** Available data **
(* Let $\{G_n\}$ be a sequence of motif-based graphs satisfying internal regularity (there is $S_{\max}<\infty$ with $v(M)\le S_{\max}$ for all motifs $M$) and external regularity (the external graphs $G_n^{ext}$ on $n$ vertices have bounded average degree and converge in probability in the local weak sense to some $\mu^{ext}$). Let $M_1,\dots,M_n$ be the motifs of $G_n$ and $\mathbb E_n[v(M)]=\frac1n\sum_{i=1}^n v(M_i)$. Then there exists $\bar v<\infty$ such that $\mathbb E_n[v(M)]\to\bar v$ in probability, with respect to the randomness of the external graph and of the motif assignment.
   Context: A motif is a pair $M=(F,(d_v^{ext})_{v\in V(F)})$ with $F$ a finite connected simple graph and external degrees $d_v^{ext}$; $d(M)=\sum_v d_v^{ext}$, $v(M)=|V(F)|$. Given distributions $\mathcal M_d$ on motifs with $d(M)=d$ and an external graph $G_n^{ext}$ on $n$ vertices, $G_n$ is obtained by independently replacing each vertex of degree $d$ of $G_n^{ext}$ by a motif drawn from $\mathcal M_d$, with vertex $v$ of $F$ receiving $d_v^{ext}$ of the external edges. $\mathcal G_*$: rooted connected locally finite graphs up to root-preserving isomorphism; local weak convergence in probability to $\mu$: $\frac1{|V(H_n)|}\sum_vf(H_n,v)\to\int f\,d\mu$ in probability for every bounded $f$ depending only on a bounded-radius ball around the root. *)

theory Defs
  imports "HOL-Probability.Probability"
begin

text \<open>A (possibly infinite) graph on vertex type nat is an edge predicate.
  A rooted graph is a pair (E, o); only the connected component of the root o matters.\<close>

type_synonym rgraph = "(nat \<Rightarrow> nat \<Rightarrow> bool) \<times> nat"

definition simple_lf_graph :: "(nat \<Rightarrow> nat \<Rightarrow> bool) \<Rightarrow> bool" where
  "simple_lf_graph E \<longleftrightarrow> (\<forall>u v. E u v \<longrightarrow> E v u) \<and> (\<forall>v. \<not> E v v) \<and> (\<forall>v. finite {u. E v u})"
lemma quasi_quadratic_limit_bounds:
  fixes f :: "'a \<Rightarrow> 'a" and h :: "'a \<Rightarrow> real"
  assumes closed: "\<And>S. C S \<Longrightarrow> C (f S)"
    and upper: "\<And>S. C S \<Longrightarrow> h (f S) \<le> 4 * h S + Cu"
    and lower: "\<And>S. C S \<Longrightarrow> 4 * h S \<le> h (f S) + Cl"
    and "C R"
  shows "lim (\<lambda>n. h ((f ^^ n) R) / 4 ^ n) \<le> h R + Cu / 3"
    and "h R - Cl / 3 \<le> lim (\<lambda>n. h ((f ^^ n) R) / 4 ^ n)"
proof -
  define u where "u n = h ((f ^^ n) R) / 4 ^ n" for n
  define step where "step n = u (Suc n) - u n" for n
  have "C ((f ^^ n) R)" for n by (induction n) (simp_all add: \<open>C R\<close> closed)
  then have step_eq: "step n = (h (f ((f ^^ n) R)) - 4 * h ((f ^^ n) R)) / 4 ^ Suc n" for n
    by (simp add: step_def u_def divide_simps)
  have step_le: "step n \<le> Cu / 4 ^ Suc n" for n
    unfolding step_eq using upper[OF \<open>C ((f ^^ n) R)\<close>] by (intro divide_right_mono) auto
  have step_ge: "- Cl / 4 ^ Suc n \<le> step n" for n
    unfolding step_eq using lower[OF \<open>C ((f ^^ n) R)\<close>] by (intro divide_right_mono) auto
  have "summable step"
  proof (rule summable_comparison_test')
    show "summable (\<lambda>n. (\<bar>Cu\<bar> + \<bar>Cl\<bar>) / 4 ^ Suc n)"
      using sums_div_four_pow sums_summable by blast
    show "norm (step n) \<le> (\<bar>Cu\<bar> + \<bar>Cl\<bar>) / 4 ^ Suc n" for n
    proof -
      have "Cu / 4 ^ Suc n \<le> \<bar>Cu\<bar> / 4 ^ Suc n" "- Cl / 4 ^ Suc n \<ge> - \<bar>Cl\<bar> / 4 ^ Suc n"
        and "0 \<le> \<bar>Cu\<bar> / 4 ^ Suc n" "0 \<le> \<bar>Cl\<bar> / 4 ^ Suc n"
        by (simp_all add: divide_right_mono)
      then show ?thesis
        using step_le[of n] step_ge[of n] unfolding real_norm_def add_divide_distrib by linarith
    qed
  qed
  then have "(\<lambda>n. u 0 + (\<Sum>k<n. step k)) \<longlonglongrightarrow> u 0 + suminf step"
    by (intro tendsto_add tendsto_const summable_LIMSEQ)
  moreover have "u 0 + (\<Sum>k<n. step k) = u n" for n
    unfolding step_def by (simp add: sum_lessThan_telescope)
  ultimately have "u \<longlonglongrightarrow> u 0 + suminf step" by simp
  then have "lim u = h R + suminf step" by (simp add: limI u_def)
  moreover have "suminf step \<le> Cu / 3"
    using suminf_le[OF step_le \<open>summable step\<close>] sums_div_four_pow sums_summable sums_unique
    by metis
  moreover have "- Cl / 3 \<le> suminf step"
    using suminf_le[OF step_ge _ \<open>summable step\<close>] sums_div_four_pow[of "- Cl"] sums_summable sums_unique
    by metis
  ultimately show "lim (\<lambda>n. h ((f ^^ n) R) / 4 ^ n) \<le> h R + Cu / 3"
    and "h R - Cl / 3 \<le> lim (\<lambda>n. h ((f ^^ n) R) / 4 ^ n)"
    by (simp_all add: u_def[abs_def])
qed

** Aim of the task **
All lines in the listing above between the line with "n \<le> \<bar>Cu\<bar>" and the line with "(\<Sum>k<n. step k))", inclusive, should be set down exactly, and no line outside that range.

** Answer for this exercise **
      have "Cu / 4 ^ Suc n \<le> \<bar>Cu\<bar> / 4 ^ Suc n" "- Cl / 4 ^ Suc n \<ge> - \<bar>Cl\<bar> / 4 ^ Suc n"
        and "0 \<le> \<bar>Cu\<bar> / 4 ^ Suc n" "0 \<le> \<bar>Cl\<bar> / 4 ^ Suc n"
        by (simp_all add: divide_right_mono)
      then show ?thesis
        using step_le[of n] step_ge[of n] unfolding real_norm_def add_divide_distrib by linarith
    qed
  qed
  then have "(\<lambda>n. u 0 + (\<Sum>k<n. step k)) \<longlonglongrightarrow> u 0 + suminf step"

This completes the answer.